[Opening INFORMATION section]

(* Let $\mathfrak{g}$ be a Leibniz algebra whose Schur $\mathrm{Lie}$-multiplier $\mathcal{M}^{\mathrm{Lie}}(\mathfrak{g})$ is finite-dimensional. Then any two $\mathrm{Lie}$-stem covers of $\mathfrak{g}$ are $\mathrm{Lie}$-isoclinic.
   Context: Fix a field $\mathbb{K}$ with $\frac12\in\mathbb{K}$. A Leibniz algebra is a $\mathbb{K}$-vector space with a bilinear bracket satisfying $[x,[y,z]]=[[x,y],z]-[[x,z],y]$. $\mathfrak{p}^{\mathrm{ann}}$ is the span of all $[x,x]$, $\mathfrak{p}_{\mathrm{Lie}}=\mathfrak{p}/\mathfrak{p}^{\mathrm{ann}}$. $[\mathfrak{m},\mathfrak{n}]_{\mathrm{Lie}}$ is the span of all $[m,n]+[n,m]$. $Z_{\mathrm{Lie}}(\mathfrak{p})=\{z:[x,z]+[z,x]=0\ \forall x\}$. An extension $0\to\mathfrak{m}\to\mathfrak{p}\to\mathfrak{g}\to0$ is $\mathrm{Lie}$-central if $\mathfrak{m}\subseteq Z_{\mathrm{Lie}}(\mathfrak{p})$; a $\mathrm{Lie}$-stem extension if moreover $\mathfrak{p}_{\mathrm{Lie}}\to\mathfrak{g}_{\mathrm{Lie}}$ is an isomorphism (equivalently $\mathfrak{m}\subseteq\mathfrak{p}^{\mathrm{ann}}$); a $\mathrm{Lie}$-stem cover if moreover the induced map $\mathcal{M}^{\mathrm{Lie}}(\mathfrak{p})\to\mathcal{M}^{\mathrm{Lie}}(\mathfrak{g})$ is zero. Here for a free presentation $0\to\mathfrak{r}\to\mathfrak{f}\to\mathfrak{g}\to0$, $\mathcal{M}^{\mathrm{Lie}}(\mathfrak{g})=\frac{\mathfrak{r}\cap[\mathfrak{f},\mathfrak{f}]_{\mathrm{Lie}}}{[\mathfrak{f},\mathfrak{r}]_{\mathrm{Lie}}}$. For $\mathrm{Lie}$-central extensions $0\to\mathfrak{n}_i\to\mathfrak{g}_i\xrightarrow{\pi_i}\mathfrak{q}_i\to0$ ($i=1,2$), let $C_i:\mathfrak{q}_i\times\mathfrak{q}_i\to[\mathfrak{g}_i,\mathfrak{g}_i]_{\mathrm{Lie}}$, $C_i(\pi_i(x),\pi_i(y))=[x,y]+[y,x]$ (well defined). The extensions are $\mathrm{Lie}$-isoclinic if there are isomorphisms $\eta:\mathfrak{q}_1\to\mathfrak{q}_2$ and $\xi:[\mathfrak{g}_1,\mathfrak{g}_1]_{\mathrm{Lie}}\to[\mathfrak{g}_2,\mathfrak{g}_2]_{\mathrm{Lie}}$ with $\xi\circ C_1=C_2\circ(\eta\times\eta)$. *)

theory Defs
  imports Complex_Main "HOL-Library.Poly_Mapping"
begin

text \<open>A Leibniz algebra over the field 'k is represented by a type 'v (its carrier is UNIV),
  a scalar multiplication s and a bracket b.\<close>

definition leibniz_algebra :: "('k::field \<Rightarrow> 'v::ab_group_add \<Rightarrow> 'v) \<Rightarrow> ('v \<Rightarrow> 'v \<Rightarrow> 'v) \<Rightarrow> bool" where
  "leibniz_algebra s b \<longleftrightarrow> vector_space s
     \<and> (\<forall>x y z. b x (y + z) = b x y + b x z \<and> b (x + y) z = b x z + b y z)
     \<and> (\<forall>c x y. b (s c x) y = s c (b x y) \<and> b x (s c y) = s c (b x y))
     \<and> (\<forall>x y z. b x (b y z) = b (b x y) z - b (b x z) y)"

[Closing INFORMATION section]
[Opening INFORMATION section]

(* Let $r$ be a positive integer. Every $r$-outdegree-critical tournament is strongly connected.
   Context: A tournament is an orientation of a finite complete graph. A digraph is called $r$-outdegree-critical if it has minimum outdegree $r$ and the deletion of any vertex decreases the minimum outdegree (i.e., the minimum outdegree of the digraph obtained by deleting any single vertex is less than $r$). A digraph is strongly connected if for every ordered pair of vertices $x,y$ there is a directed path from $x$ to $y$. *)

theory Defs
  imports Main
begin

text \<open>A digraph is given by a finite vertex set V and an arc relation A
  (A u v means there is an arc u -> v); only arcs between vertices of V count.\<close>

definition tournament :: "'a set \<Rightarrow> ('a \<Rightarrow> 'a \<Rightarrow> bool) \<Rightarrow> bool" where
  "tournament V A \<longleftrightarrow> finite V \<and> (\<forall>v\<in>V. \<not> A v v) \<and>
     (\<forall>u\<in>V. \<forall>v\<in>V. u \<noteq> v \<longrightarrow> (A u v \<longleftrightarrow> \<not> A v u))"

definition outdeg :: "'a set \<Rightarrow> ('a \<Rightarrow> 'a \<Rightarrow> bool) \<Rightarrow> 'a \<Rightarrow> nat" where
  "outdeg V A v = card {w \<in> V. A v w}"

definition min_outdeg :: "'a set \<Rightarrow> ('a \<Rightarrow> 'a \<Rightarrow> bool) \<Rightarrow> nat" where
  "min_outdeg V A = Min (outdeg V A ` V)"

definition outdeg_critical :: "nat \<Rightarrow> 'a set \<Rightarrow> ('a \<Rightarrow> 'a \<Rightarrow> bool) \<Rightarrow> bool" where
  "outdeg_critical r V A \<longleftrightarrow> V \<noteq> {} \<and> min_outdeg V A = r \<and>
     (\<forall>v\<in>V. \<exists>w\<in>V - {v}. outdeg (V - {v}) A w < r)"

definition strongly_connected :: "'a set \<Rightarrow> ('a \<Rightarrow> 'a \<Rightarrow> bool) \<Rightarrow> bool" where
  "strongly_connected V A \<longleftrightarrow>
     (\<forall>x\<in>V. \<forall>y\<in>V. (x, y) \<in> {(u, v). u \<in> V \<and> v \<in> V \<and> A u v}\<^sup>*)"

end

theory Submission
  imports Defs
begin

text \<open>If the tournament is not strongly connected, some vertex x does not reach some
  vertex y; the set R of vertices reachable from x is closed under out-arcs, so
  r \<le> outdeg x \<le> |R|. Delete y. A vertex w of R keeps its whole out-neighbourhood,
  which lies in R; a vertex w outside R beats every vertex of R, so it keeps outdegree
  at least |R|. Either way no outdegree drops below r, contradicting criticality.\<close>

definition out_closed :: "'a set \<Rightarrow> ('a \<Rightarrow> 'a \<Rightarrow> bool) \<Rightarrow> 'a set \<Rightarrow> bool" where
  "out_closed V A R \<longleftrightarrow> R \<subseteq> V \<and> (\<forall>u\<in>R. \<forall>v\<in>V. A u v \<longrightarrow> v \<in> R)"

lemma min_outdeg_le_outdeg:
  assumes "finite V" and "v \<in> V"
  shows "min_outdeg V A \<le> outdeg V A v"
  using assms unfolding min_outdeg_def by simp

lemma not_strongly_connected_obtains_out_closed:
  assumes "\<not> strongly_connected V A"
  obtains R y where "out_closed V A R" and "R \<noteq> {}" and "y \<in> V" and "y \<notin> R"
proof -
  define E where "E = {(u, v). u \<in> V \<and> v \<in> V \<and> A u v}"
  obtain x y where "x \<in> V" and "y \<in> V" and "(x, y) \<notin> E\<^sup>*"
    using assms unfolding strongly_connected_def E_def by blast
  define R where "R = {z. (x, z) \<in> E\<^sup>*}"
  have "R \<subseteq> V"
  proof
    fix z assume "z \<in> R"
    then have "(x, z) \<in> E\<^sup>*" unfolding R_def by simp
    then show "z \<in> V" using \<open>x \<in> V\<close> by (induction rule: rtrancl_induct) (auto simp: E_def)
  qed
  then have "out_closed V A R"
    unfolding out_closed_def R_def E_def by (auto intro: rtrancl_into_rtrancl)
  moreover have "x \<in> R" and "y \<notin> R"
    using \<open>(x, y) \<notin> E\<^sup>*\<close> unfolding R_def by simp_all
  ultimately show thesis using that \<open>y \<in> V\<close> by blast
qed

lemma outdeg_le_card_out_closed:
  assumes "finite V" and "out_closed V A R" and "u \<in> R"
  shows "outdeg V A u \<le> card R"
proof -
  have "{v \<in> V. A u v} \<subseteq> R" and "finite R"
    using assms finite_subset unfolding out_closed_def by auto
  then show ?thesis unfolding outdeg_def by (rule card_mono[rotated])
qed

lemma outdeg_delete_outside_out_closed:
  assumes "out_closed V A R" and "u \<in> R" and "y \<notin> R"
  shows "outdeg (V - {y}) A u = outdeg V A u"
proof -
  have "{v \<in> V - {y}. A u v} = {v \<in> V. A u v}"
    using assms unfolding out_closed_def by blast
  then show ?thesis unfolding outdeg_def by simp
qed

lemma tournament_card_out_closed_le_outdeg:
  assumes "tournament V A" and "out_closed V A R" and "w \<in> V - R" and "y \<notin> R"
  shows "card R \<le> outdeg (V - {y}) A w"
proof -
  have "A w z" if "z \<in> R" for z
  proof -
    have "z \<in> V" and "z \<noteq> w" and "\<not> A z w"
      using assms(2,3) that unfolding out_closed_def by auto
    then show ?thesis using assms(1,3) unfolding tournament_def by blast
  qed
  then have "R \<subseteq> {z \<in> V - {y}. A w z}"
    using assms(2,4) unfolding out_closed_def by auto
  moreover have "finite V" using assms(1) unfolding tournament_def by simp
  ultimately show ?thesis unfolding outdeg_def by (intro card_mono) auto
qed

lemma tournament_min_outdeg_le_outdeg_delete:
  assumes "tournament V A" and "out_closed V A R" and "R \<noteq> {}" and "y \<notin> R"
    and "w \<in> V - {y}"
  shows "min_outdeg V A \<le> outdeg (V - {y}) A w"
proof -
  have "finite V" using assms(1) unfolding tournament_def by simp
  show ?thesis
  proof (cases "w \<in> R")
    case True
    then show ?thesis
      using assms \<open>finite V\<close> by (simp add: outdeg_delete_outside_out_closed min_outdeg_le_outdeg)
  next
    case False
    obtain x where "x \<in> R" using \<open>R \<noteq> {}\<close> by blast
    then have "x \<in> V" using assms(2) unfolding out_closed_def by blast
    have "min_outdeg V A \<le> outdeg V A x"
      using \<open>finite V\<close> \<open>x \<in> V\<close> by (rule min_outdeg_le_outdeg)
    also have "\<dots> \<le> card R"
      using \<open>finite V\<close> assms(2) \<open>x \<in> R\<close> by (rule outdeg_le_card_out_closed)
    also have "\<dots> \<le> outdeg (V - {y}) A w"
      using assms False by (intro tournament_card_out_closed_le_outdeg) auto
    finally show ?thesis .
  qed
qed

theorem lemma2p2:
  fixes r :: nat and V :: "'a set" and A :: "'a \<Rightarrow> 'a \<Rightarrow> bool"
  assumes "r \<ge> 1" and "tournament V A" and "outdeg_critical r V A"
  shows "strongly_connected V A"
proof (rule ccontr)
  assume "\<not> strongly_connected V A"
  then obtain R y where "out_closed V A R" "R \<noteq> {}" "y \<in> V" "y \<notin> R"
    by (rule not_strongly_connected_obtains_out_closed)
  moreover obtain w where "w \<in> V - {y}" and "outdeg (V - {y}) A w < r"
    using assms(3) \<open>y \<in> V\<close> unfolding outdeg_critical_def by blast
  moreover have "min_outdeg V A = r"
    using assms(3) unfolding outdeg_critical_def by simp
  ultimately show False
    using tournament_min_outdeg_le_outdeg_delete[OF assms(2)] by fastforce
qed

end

[Closing INFORMATION section]

An exact copy of the lines above, from the one containing "text \<open>A Leibniz" through the one containing "y z. b x (b", is the whole of the answer.

- EXERCISE RESULT -
text \<open>A Leibniz algebra over the field 'k is represented by a type 'v (its carrier is UNIV),
  a scalar multiplication s and a bracket b.\<close>

definition leibniz_algebra :: "('k::field \<Rightarrow> 'v::ab_group_add \<Rightarrow> 'v) \<Rightarrow> ('v \<Rightarrow> 'v \<Rightarrow> 'v) \<Rightarrow> bool" where
  "leibniz_algebra s b \<longleftrightarrow> vector_space s
     \<and> (\<forall>x y z. b x (y + z) = b x y + b x z \<and> b (x + y) z = b x z + b y z)
     \<and> (\<forall>c x y. b (s c x) y = s c (b x y) \<and> b x (s c y) = s c (b x y))
     \<and> (\<forall>x y z. b x (b y z) = b (b x y) z - b (b x z) y)"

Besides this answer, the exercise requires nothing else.